Griffis Sculpture Park is a sculpture park located between Ashford Hollow and East Otto in Cattaraugus County, New York. The 425 acre outdoor art museum, which was created by artist Larry W. Griffis Jr in 1966, was the first sculpture park in the United States. It features more than 250 works of art created by over 100 artists, and also serves as a nature preserve, with 10 mi of trails. Griffis founded the Ashford Hollow Foundation for the Visual and Performing Arts to administer the park, which was most recently headed by Simon Griffis, son of Larry Griffis, until Simon's death at Zoar Valley in June 2010. Other members of the Griffis family have also served on the AHF board of directors.

The park draws 35,000 visitors annually. Admission is $5 per person, which is paid on a volunteer basis with QR codes (PayPal or Venmo) scannable near the entrance to the park. The park is also supported by private donations and fund raisers. The park is open from May to October.

==History==
The idea for an outdoor sculpture museum came to artist Larry Griffis while he was touring Italy with his family. While watching his children play on the ruins of Emperor Hadrian’s villa, Griffis realized the value of interactive art. As Simon Griffis recalls, his father said, "This is absolutely remarkable. Look at my kids. I've taken them to the finest museums and galleries but they've come alive in this environment where they can interact and they can smell the flowers and they can touch things."
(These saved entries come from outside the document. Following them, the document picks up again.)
lemma bij_betw_reflect: "bij_betw (\<lambda>m. a - m) {b..a - b} {b..a - (b::nat)}"
  by (rule bij_betw_byWitness[where f' = "\<lambda>m. a - m"]) auto

lemma edge_magic_labeling_vertex_range:
  assumes "wf_ugraph G" "edge_magic_labeling G f k" "v \<in> uverts G"
  shows "f (Inl v) \<in> {1..card (uverts G) + card (uedges G)}"
  using assms by (auto simp: edge_magic_labeling_def bij_betw_def)

lemma edge_magic_labeling_edge_range:
  assumes "edge_magic_labeling G f k" "e \<in> uedges G"
  shows "f (Inr e) \<in> {1..card (uverts G) + card (uedges G)}"
  using assms by (auto simp: edge_magic_labeling_def bij_betw_def)

lemma edge_magic_labeling_edge_sum:
  assumes "wf_ugraph G" "edge_magic_labeling G f k" "e \<in> uedges G"
  defines "N \<equiv> card (uverts G) + card (uedges G)"
  obtains x y z where "x \<in> {1..N}" "y \<in> {1..N}" "z \<in> {1..N}"
    "f (Inl (fst (uends G e))) = x" "f (Inr e) = y" "f (Inl (snd (uends G e))) = z" "x + y + z = k"
proof -
  have a: "fst (uends G e) \<in> uverts G" and b: "snd (uends G e) \<in> uverts G"
    using assms(1,3) by (auto simp: wf_ugraph_def)
  show ?thesis
    using that[unfolded N_def, OF edge_magic_labeling_vertex_range[OF assms(1,2) a]
        edge_magic_labeling_edge_range[OF assms(2,3)] edge_magic_labeling_vertex_range[OF assms(1,2) b]]
      assms(2,3)
    by (simp add: edge_magic_labeling_def)
qed

lemma magic_set_subset_atLeastAtMost:
  assumes "wf_ugraph G" "uedges G \<noteq> {}"
  shows "magic_set G \<subseteq> {3..3 * (card (uverts G) + card (uedges G))}"
proof
  fix k assume "k \<in> magic_set G"
  then obtain f where f: "edge_magic_labeling G f k" by (auto simp: magic_set_def)
  obtain e where "e \<in> uedges G" using assms(2) by auto
  from edge_magic_labeling_edge_sum[OF assms(1) f this]
  show "k \<in> {3..3 * (card (uverts G) + card (uedges G))}" by fastforce
qed

lemma edge_magic_labeling_complement:
  assumes "wf_ugraph G" "edge_magic_labeling G f k"
  defines "N \<equiv> card (uverts G) + card (uedges G)"
  shows "edge_magic_labeling G (\<lambda>x. N + 1 - f x) (3 * (N + 1) - k)"
proof -
  have "bij_betw ((\<lambda>m. N + 1 - m) \<circ> f) (Inl ` uverts G \<union> Inr ` uedges G) {1..N}"
    using assms(2) bij_betw_reflect[of "N + 1" 1]
    by (intro bij_betw_trans) (simp_all add: edge_magic_labeling_def N_def)
  moreover have "N + 1 - f (Inl (fst (uends G e))) + (N + 1 - f (Inr e))
      + (N + 1 - f (Inl (snd (uends G e)))) = 3 * (N + 1) - k" if "e \<in> uedges G" for e
    using edge_magic_labeling_edge_sum[OF assms(1,2) that] unfolding N_def by fastforce
  ultimately show ?thesis by (simp add: edge_magic_labeling_def comp_def N_def)
qed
Upon returning to the United States, Larry Griffis looked at many possible sites for the park, but had a vision that included site-specific terrain. He required a combination of valleys, woods, lake and open space. Kissing Bridge Ski Resort in Concord and Lewiston's ArtPark were possible candidates for the vision, but were passed over by the artist.
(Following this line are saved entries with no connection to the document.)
lemma card_sylv_classes: "card (sylv_classes al is) = bst_count (content_mset al is)"
proof -
  have "card (sylv_classes al is) = card (sylv_tree ` words_with_content al is)"
    unfolding sylv_classes_def sylv_equiv_iff_sylv_tree_eq by (rule card_quotient_kernel)
  then show ?thesis
    by (simp add: bst_count_def bsts_def words_with_content_def
        content_mset_def permutations_of_multiset_def)
qed

definition lower_mset :: "'a::linorder \<Rightarrow> 'a multiset \<Rightarrow> 'a multiset" where
  "lower_mset x M = filter_mset (\<lambda>y. y \<le> x) (M - {#x#})"

definition upper_mset :: "'a::linorder \<Rightarrow> 'a multiset \<Rightarrow> 'a multiset" where
  "upper_mset x M = filter_mset (\<lambda>y. x < y) M"

lemma lower_mset_le: "y \<in># lower_mset x M \<Longrightarrow> y \<le> x"
  by (auto simp: lower_mset_def dest: in_diffD)

lemma upper_mset_gt: "y \<in># upper_mset x M \<Longrightarrow> x < y"
  by (simp add: upper_mset_def)

lemma bsts_empty [simp]: "bsts {#} = {Leaf}"
  by (simp add: bsts_def)

lemma bsts_nonempty:
  assumes "M \<noteq> {#}"
  shows "bsts M = (\<Union>x\<in>set_mset M. (\<lambda>(l, r). \<langle>l, x, r\<rangle>) ` (bsts (lower_mset x M) \<times> bsts (upper_mset x M)))"
proof (intro equalityI subsetI)
  fix t assume "t \<in> bsts M"
  then obtain w where w: "mset w = M" "t = sylv_tree w"
    by (auto simp: bsts_def permutations_of_multiset_def)
  with assms obtain w' x where wx: "w = w' @ [x]"
    by (cases w rule: rev_exhaust) auto
  with w have "x \<in># M" "M - {#x#} = mset w'"
    by auto
  with w wx show "t \<in> (\<Union>x\<in>set_mset M. (\<lambda>(l, r). \<langle>l, x, r\<rangle>) ` (bsts (lower_mset x M) \<times> bsts (upper_mset x M)))"
    by (force simp: bsts_def permutations_of_multiset_def lower_mset_def upper_mset_def)
next
  fix t assume "t \<in> (\<Union>x\<in>set_mset M. (\<lambda>(l, r). \<langle>l, x, r\<rangle>) ` (bsts (lower_mset x M) \<times> bsts (upper_mset x M)))"
  then obtain x wl wr where x: "x \<in># M" and t: "t = \<langle>sylv_tree wl, x, sylv_tree wr\<rangle>"
    and wl: "mset wl = lower_mset x M" and wr: "mset wr = upper_mset x M"
    by (auto simp: bsts_def permutations_of_multiset_def)
  have wl_le: "\<forall>y\<in>set wl. y \<le> x"
    using wl lower_mset_le by (metis set_mset_mset)
  have wr_gt: "\<forall>y\<in>set wr. x < y"
    using wr upper_mset_gt by (metis set_mset_mset)
  have "upper_mset x M = filter_mset (\<lambda>y. \<not> y \<le> x) (M - {#x#})"
    using x by (subst (1) insert_DiffM[OF x, symmetric]) (simp add: upper_mset_def not_le)
  then have "mset (wl @ wr @ [x]) = M"
    using x wl wr by (simp add: lower_mset_def multiset_partition[symmetric])
  moreover have "sylv_tree (wl @ wr @ [x]) = t"
    using wl_le wr_gt t sylv_tree_snoc[of "wl @ wr" x]
    by (simp add: not_le not_less)
  ultimately show "t \<in> bsts M"
    by (auto simp: bsts_def permutations_of_multiset_def)
qed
In 1966, Griffis purchased 100 acre near Ashford Hollow in the Southern Tier of Western New York and placed 15 of his own 25 ft welded steel works on a hillside along a country road. The Ashford Hollow Foundation acquired another 325 acre and drummed up commissions for additional sculptures.

==Art==
More than 100 local, national and international artists have contributed to this park, although much of the art features members of the Griffis family. Other artist include Bolinski, Bellavia, Dwain, Gerst, Hatchett, Patterson, Mehrdad Hadighi, and Lauren Scime. The sculptures are cast in bronze, welded steel, aluminum and wood, and are arranged in twelve groups based on theme. These groups include various oversized animals and insects, life-size nudes (men and women), or sets such as castles or submarines.